Where a line below carries the word "NNup", include it in the count, then give the count alone.

## Materials provided

════════════════

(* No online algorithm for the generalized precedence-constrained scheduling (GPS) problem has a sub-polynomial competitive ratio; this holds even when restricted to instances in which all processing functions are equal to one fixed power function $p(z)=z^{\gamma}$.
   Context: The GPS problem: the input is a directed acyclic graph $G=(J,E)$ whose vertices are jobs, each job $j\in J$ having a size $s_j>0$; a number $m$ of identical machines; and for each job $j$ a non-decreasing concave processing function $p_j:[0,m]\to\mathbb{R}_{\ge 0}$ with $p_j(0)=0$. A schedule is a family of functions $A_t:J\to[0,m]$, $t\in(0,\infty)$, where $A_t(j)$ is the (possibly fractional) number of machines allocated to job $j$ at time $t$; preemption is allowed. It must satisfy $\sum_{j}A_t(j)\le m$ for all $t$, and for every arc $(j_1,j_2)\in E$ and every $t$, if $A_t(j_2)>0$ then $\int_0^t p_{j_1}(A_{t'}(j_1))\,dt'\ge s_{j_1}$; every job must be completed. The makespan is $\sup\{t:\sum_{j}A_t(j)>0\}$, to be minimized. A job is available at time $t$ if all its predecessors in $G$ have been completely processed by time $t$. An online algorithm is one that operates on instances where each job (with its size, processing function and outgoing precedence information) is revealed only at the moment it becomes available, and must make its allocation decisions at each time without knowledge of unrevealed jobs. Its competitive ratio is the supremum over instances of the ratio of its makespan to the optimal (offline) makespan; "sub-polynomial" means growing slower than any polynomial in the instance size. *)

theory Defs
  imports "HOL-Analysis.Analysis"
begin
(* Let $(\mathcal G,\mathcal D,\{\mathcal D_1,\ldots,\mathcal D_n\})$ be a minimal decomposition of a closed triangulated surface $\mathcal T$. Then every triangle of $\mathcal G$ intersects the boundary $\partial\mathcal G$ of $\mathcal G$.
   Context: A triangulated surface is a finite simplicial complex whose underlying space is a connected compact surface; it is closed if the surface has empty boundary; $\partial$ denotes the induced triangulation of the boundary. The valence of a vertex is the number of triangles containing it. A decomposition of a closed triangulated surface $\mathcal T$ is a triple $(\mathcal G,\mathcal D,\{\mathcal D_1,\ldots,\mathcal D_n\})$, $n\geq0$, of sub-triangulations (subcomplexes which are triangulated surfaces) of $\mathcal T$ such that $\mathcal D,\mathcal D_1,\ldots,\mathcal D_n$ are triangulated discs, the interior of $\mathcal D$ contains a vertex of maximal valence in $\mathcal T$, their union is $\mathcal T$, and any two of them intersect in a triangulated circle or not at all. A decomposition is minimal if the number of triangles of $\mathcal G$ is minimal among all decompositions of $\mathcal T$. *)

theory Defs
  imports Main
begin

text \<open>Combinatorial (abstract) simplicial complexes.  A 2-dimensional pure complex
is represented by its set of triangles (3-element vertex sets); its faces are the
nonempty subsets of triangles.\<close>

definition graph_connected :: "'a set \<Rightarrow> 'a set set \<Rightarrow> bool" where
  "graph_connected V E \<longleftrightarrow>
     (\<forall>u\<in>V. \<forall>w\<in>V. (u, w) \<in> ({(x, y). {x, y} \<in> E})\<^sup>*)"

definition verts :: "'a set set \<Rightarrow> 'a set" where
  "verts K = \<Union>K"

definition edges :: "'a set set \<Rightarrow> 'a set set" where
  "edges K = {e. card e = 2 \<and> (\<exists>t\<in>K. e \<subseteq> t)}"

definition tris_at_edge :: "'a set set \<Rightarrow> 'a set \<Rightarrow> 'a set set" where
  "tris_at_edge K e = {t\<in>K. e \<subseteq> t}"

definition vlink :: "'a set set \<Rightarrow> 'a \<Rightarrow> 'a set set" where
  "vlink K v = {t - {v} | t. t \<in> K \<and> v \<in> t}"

════════════════

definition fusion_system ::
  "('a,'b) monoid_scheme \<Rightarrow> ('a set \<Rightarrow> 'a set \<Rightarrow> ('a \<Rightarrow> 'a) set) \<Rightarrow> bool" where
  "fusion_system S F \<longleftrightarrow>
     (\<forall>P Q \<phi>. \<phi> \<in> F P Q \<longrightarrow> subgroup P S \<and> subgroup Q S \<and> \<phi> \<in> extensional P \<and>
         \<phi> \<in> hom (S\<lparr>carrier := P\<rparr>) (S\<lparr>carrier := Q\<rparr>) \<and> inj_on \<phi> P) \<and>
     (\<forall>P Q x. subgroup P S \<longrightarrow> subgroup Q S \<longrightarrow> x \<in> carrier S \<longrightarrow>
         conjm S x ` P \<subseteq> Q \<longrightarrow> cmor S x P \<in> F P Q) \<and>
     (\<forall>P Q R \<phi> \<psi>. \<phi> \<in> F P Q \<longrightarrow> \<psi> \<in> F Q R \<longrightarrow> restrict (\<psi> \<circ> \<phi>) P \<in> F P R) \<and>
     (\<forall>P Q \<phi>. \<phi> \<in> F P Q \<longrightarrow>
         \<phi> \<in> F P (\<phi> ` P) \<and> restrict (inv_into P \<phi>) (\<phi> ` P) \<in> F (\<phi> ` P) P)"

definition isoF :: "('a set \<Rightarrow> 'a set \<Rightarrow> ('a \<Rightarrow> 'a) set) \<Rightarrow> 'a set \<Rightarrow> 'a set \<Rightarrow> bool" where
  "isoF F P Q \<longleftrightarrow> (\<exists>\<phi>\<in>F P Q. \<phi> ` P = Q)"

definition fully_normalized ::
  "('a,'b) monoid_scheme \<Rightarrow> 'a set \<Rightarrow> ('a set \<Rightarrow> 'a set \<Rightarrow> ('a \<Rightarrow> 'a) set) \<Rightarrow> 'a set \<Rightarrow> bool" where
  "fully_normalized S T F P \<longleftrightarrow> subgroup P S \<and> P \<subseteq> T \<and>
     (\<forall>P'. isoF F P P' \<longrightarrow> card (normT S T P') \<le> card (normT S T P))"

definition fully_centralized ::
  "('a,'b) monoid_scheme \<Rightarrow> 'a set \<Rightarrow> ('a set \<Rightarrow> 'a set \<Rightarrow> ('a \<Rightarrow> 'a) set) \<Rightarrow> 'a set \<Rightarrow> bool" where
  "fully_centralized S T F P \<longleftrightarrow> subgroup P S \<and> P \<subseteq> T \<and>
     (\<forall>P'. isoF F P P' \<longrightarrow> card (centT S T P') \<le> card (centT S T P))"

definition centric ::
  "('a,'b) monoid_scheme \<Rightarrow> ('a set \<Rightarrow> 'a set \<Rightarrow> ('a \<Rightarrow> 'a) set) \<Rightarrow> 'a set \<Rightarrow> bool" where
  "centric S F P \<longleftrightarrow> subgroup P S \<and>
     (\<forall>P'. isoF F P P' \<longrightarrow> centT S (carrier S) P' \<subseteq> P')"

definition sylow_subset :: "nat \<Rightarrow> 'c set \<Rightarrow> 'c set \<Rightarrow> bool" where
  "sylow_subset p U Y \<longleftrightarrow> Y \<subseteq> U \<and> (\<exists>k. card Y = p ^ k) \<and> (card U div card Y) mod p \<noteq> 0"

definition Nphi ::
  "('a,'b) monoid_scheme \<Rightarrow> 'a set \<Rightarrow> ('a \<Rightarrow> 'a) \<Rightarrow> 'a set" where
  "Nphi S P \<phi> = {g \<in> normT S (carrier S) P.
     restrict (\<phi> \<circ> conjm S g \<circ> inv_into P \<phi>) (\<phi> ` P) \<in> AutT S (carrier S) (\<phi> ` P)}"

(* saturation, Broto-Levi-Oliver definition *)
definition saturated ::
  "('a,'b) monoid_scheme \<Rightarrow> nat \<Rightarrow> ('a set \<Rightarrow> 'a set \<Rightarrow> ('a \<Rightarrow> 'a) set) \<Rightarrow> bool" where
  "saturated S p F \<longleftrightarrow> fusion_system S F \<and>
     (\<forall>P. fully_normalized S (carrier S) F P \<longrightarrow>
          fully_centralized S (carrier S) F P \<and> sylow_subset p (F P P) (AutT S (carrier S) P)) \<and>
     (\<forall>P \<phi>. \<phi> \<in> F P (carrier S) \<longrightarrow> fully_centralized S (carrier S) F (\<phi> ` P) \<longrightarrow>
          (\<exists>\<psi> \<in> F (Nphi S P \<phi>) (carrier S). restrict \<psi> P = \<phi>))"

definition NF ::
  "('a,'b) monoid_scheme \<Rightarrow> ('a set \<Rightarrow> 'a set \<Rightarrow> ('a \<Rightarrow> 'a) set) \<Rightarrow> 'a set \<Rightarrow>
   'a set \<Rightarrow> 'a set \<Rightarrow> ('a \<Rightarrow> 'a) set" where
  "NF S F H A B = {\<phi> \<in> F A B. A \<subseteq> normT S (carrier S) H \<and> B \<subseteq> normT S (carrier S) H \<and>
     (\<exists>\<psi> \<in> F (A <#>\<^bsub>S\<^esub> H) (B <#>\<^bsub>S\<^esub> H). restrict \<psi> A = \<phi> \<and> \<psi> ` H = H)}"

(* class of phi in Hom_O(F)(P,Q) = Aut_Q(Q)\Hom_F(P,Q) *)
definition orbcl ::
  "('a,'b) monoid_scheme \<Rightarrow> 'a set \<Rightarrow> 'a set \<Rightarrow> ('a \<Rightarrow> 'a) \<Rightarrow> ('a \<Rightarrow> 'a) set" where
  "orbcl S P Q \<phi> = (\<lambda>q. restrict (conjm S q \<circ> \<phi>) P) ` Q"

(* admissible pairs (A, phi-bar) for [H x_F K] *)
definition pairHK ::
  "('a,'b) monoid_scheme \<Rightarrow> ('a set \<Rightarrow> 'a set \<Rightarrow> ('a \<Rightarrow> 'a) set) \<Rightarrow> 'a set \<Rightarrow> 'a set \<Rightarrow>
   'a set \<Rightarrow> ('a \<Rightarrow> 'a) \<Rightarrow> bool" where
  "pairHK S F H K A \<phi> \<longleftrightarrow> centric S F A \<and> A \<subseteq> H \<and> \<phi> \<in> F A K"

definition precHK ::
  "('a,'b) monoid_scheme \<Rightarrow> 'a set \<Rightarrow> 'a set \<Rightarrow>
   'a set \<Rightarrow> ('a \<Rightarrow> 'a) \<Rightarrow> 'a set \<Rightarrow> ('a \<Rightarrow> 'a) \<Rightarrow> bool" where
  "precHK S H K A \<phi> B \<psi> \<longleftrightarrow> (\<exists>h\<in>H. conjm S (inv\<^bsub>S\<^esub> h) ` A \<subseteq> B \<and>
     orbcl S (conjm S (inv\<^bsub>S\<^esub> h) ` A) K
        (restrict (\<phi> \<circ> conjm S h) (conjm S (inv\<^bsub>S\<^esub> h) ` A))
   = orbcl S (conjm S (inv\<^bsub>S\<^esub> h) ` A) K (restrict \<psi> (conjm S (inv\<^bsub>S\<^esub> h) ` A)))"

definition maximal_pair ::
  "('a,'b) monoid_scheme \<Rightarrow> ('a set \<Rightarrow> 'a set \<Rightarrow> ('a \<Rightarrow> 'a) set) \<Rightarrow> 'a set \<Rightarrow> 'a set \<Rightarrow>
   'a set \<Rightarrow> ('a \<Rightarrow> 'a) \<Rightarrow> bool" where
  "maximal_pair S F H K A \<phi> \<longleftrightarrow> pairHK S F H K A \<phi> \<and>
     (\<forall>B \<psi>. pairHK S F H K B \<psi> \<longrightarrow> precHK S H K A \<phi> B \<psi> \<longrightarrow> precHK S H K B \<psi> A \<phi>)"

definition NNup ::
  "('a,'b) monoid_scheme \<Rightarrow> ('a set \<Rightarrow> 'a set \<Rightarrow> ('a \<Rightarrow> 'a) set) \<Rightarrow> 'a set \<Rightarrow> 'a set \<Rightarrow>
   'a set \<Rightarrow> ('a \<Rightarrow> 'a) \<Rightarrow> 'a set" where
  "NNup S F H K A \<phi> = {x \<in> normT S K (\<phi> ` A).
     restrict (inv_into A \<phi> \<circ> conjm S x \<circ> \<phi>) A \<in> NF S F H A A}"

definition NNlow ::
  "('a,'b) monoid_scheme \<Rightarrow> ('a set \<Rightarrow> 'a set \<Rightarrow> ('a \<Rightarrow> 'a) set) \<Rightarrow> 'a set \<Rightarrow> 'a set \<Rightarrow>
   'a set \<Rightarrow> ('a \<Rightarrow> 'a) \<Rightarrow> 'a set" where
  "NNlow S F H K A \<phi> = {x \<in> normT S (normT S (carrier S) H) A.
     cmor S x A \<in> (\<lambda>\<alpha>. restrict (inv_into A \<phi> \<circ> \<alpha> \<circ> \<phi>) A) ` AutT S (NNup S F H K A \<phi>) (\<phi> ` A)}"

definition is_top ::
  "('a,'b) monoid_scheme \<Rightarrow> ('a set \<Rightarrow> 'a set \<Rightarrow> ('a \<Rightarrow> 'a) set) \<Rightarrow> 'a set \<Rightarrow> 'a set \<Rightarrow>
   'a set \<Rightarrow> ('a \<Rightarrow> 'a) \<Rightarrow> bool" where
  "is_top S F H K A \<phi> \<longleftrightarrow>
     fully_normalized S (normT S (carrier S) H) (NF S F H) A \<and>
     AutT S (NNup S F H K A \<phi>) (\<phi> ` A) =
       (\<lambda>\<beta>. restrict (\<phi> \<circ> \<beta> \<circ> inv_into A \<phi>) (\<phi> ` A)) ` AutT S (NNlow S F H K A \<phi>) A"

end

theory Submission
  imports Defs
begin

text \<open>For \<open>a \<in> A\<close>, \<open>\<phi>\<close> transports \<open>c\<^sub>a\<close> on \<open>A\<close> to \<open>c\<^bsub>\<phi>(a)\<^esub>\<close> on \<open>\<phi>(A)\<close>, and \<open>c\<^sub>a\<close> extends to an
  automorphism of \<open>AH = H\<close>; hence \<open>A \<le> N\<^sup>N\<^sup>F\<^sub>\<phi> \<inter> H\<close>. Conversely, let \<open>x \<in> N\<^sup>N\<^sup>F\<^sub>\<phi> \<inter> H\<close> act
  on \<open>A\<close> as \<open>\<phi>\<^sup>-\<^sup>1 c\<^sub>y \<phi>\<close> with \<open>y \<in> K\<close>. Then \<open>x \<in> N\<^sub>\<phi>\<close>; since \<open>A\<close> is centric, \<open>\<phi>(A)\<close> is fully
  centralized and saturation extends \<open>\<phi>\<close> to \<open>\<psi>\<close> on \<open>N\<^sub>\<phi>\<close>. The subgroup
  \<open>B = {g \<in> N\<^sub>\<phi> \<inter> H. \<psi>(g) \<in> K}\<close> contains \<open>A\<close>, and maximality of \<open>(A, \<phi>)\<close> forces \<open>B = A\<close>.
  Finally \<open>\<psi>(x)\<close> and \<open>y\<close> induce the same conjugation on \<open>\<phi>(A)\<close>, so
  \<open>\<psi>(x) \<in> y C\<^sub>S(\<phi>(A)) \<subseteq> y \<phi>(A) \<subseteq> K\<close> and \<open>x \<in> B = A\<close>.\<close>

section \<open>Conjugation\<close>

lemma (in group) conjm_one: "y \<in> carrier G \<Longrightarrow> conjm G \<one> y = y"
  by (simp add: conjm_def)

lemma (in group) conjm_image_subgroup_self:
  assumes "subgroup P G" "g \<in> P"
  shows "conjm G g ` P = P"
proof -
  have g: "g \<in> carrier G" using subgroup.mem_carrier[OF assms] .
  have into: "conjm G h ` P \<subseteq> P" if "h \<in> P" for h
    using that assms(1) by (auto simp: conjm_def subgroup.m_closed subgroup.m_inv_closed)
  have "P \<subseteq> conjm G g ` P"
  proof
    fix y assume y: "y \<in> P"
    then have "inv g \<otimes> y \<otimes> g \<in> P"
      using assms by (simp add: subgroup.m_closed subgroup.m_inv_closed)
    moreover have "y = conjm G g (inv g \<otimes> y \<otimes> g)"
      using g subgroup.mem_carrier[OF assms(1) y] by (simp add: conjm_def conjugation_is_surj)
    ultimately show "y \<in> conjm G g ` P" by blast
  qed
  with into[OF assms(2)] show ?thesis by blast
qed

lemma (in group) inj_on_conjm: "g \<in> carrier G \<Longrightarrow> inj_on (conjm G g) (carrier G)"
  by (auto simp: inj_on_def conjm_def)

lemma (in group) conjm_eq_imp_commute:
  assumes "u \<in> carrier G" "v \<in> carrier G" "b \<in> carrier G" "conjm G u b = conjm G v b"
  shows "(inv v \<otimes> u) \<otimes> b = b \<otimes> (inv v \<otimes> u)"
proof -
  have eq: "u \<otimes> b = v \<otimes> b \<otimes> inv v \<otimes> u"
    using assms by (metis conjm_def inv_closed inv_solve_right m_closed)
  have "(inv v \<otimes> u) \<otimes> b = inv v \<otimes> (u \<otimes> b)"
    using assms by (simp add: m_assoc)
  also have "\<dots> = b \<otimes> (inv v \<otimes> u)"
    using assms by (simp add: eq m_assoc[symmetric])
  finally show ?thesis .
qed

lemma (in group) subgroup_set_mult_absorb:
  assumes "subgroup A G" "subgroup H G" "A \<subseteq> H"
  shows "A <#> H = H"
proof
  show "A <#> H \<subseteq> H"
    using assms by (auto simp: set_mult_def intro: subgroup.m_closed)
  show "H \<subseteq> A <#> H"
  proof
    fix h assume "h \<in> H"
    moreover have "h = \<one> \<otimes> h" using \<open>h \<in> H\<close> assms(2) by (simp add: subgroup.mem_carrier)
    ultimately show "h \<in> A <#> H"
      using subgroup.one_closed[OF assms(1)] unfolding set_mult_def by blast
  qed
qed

════════════════

## Expected answer
4